# [Problem to work on]
Within the records below, find each line with the word "that" and copy it out.

Saved entries
============
section \<open>At most one starving robot per row and column\<close>

lemma integer_crossing_times:
  fixes \<Psi>0 s :: real
  assumes s: "s = 1 \<or> s = -1"
  obtains \<tau>0 :: real and si e0 :: int where "0 \<le> \<tau>0" "si = 1 \<or> si = -1" "s = of_int si"
    "\<And>j. \<Psi>0 + 4 * s * (\<tau>0 + real j / 4) = of_int (e0 + si * int j)"
    "\<And>t e. 0 \<le> t \<Longrightarrow> \<Psi>0 + 4 * s * t = of_int e \<Longrightarrow> \<exists>j::nat. t = \<tau>0 + real j / 4"
proof (cases "s = 1")
  case True
  show ?thesis
  proof (rule that[of "(of_int \<lceil>\<Psi>0\<rceil> - \<Psi>0) / 4" 1 "\<lceil>\<Psi>0\<rceil>"])
    fix t e assume "0 \<le> t" "\<Psi>0 + 4 * s * t = of_int e"
    then have "\<lceil>\<Psi>0\<rceil> \<le> e" "t = (of_int \<lceil>\<Psi>0\<rceil> - \<Psi>0) / 4 + real (nat (e - \<lceil>\<Psi>0\<rceil>)) / 4"
      using True by (simp_all add: ceiling_le_iff field_simps)
    then show "\<exists>j::nat. t = (of_int \<lceil>\<Psi>0\<rceil> - \<Psi>0) / 4 + real j / 4" by blast
  qed (use True in \<open>simp_all add: field_simps\<close>)
next
  case False
  then have s: "s = -1" using s by simp
  show ?thesis
  proof (rule that[of "(\<Psi>0 - of_int \<lfloor>\<Psi>0\<rfloor>) / 4" "-1" "\<lfloor>\<Psi>0\<rfloor>"])
    fix t e assume "0 \<le> t" "\<Psi>0 + 4 * s * t = of_int e"
    then have "e \<le> \<lfloor>\<Psi>0\<rfloor>" "t = (\<Psi>0 - of_int \<lfloor>\<Psi>0\<rfloor>) / 4 + real (nat (\<lfloor>\<Psi>0\<rfloor> - e)) / 4"
      using s by (simp_all add: le_floor_iff field_simps)
    then show "\<exists>j::nat. t = (\<Psi>0 - of_int \<lfloor>\<Psi>0\<rfloor>) / 4 + real j / 4" by blast
  qed (use s in \<open>simp_all add: field_simps\<close>)
qed

text \<open>
  \<open>\<tau>0 + j / 4\<close> are the link events at nonnegative times and \<open>E j\<close> is the value of the corner
  phase there (see \<open>integer_crossing_times\<close>).
\<close>

locale grid_run = grid_system +
  fixes f g :: "nat \<times> nat \<Rightarrow> real" and loc :: "nat \<times> nat \<Rightarrow> real \<Rightarrow> (nat \<times> nat) option"
    and \<tau>0 :: real and E :: "nat \<Rightarrow> int" and si :: int
  assumes sync: "sync_schedule (grid n m) (grid_centre a b) r f g"
    and run: "valid_run (grid n m) (grid_centre a b) r f g loc"
    and nonneg_start: "0 \<le> \<tau>0"
    and event_phase: "\<And>j. phase f g b (0, 0) (\<tau>0 + real j / 4) = of_int (E j)"
    and only_events: "\<And>t e. 0 \<le> t \<Longrightarrow> phase f g b (0, 0) t = of_int e \<Longrightarrow> \<exists>j::nat. t = \<tau>0 + real j / 4"
    and E_Suc: "\<And>j. E (Suc j) = E j + si" and si: "si = 1 \<or> si = -1"
begin

abbreviation starving :: "nat \<times> nat \<Rightarrow> bool" where
  "starving \<equiv> starves (grid n m) (grid_centre a b) r f g loc"

lemma link_at_event_time_iff:
  assumes "i \<in> grid n m" and "phase f g b (0, 0) t = of_int e"
  shows "comm_adj (grid n m) (grid_centre a b) r i j
    \<and> at_pos f g i t (link_pos (grid_centre a b) i j)
    \<longleftrightarrow> grid_step n m e i = j \<and> j \<noteq> i"
  using link_at_event_iff[OF assms(1) sync_phase_normal_form[OF sync assms(1), of t, unfolded assms(2)]] .

lemma no_link_event_between:
  assumes "0 \<le> t" and "\<And>j. t \<noteq> \<tau>0 + real j / 4"
  shows "no_link_event (grid n m) (grid_centre a b) r f g t"
  unfolding no_link_event_def
proof
  assume "\<exists>i j. comm_adj (grid n m) (grid_centre a b) r i j
    \<and> at_pos f g i t (link_pos (grid_centre a b) i j)"
  then obtain i j where link: "comm_adj (grid n m) (grid_centre a b) r i j"
    "at_pos f g i t (link_pos (grid_centre a b) i j)" by blast
  then have "i \<in> grid n m" using comm_adj_iff by blast
  then obtain e :: int where "phase f g b (0, 0) t = of_int e"
    using link link_iff_grid_step[OF _ sync_phase_normal_form[OF sync]] by blast
  then show False using only_events[OF assms(1)] assms(2) by blast
qed

lemma starving_moves:
  assumes u: "u \<in> grid n m" and starving: "starving u" and t: "0 \<le> t"
    and e: "phase f g b (0, 0) t = of_int e"
    and lv: "leftval loc u t (Some i)" and i: "i \<in> grid n m"
  shows "loc u t = Some (grid_step n m e i)"
proof -
  note link = link_at_event_time_iff[OF i e]
  have "loc u t \<noteq> None" using starving unfolding starves_def survives_def by blast
  note switch = valid_run_switch[OF run u t lv this]
  from switch show ?thesis
  proof (elim disjE conjE exE)
    fix j assume "comm_adj (grid n m) (grid_centre a b) r i j"
      "at_pos f g i t (link_pos (grid_centre a b) i j)" "loc u t = Some j"
    then show ?thesis using link[of j] by simp
  next
    let ?j = "grid_step n m e i"
    assume none: "\<nexists>j. comm_adj (grid n m) (grid_centre a b) r i j \<and>
        at_pos f g i t (link_pos (grid_centre a b) i j) \<and> empty_before (grid n m) loc t j"
      and "loc u t = Some i"
    have "?j = i"
    proof (rule ccontr)
      assume "?j \<noteq> i"
      then have "comm_adj (grid n m) (grid_centre a b) r i ?j"
        "at_pos f g i t (link_pos (grid_centre a b) i ?j)"
        using link[of ?j] by simp_all
      moreover from this have "empty_before (grid n m) loc t ?j"
        by (rule starves_empty_before[OF starving t lv])
      ultimately show False using none by blast
    qed
    then show ?thesis using \<open>loc u t = Some i\<close> by simp
  qed
qed

lemma leftval_at_first_event:
  assumes alive: "survives (grid n m) loc u"
  shows "leftval loc u \<tau>0 (Some u)"
proof -
  have u: "u \<in> grid n m" using alive by (simp add: survives_def)
  have init: "leftval loc u 0 (Some u)"
    unfolding leftval_def by (rule exI[of _ 1]) (use valid_run_initial[OF run u] in auto)
  show ?thesis
  proof (cases "\<tau>0 = 0")
    case False
    then have "0 < \<tau>0" using nonneg_start by simp
    have quiet: "no_link_event (grid n m) (grid_centre a b) r f g s" if "0 \<le> s" "s < \<tau>0" for s
      using that by (intro no_link_event_between) auto
    have "leftval loc u 0 (loc u 0)"
      using leftval_loc_if_no_link_event[OF run alive quiet] \<open>0 < \<tau>0\<close> by simp
    then have "loc u 0 = Some u" using leftval_unique init by metis
    moreover have "leftval loc u \<tau>0 (loc u 0)"
      using leftval_if_no_link_events[OF run alive \<open>0 < \<tau>0\<close>] quiet by simp
    ultimately show ?thesis by simp
  qed (use init in simp)
qed

lemma leftval_at_next_event:
  assumes alive: "survives (grid n m) loc u"
  shows "leftval loc u (\<tau>0 + real (Suc j) / 4) (loc u (\<tau>0 + real j / 4))"
proof (rule leftval_if_no_link_events[OF run alive])
  fix s assume s: "\<tau>0 + real j / 4 < s" "s < \<tau>0 + real (Suc j) / 4"
  show "no_link_event (grid n m) (grid_centre a b) r f g s"
  proof (rule no_link_event_between)
    have "0 \<le> \<tau>0 + real j / 4" using nonneg_start by simp
    then show "0 \<le> s" using s by linarith
    show "s \<noteq> \<tau>0 + real i / 4" for i
      using s by (cases "i \<le> j") (auto simp: not_le dest: of_nat_mono[where 'a = real])
  qed
qed simp

lemma starving_follows_orbit:
  assumes u: "u \<in> grid n m" and starving: "starving u"
  shows "leftval loc u (\<tau>0 + real j / 4) (Some (grid_orbit n m E u j)) \<and>
    loc u (\<tau>0 + real j / 4) = Some (grid_orbit n m E u (Suc j))"
proof (induction j)
  case 0
  have "leftval loc u \<tau>0 (Some u)"
    using starving by (intro leftval_at_first_event) (simp add: starves_def)
  then show ?case
    using starving_moves[OF u starving nonneg_start _ _ u] event_phase[of 0] by simp
next
  case (Suc j)
  then have lv: "leftval loc u (\<tau>0 + real (Suc j) / 4) (Some (grid_orbit n m E u (Suc j)))"
    using starving leftval_at_next_event[of u j] by (simp add: starves_def)
  then show ?case
    using starving_moves[OF u starving _ event_phase lv grid_orbit_in_grid[OF u]] nonneg_start
      by simp
qed

lemma starving_no_collision:
  assumes u: "u \<in> grid n m" and w: "w \<in> grid n m" and "starving u" and "starving w"
    and step: "grid_step n m (E j) (grid_orbit n m E u j) = grid_orbit n m E w j"
  shows "grid_orbit n m E w j = grid_orbit n m E u j"
proof (rule ccontr)
  let ?t = "\<tau>0 + real j / 4" and ?i = "grid_orbit n m E u j" and ?k = "grid_orbit n m E w j"
  assume "?k \<noteq> ?i"
  then have "comm_adj (grid n m) (grid_centre a b) r ?i ?k
    \<and> at_pos f g ?i ?t (link_pos (grid_centre a b) ?i ?k)"
    using link_at_event_time_iff[OF grid_orbit_in_grid[OF u] event_phase[of j]] step by blast
  moreover have "leftval loc u ?t (Some ?i)"
    using starving_follows_orbit[OF u \<open>starving u\<close>] by blast
  ultimately have "empty_before (grid n m) loc ?t ?k"
    using starves_empty_before[OF \<open>starving u\<close>] nonneg_start by simp
  moreover have "leftval loc w ?t (Some ?k)"
    using starving_follows_orbit[OF w \<open>starving w\<close>] by blast
  ultimately show False using w unfolding empty_before_def by blast
qed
============
# [Your solution]
  proof (rule that[of "(of_int \<lceil>\<Psi>0\<rceil> - \<Psi>0) / 4" 1 "\<lceil>\<Psi>0\<rceil>"])
  proof (rule that[of "(\<Psi>0 - of_int \<lfloor>\<Psi>0\<rfloor>) / 4" "-1" "\<lfloor>\<Psi>0\<rfloor>"])
      using that by (intro no_link_event_between) auto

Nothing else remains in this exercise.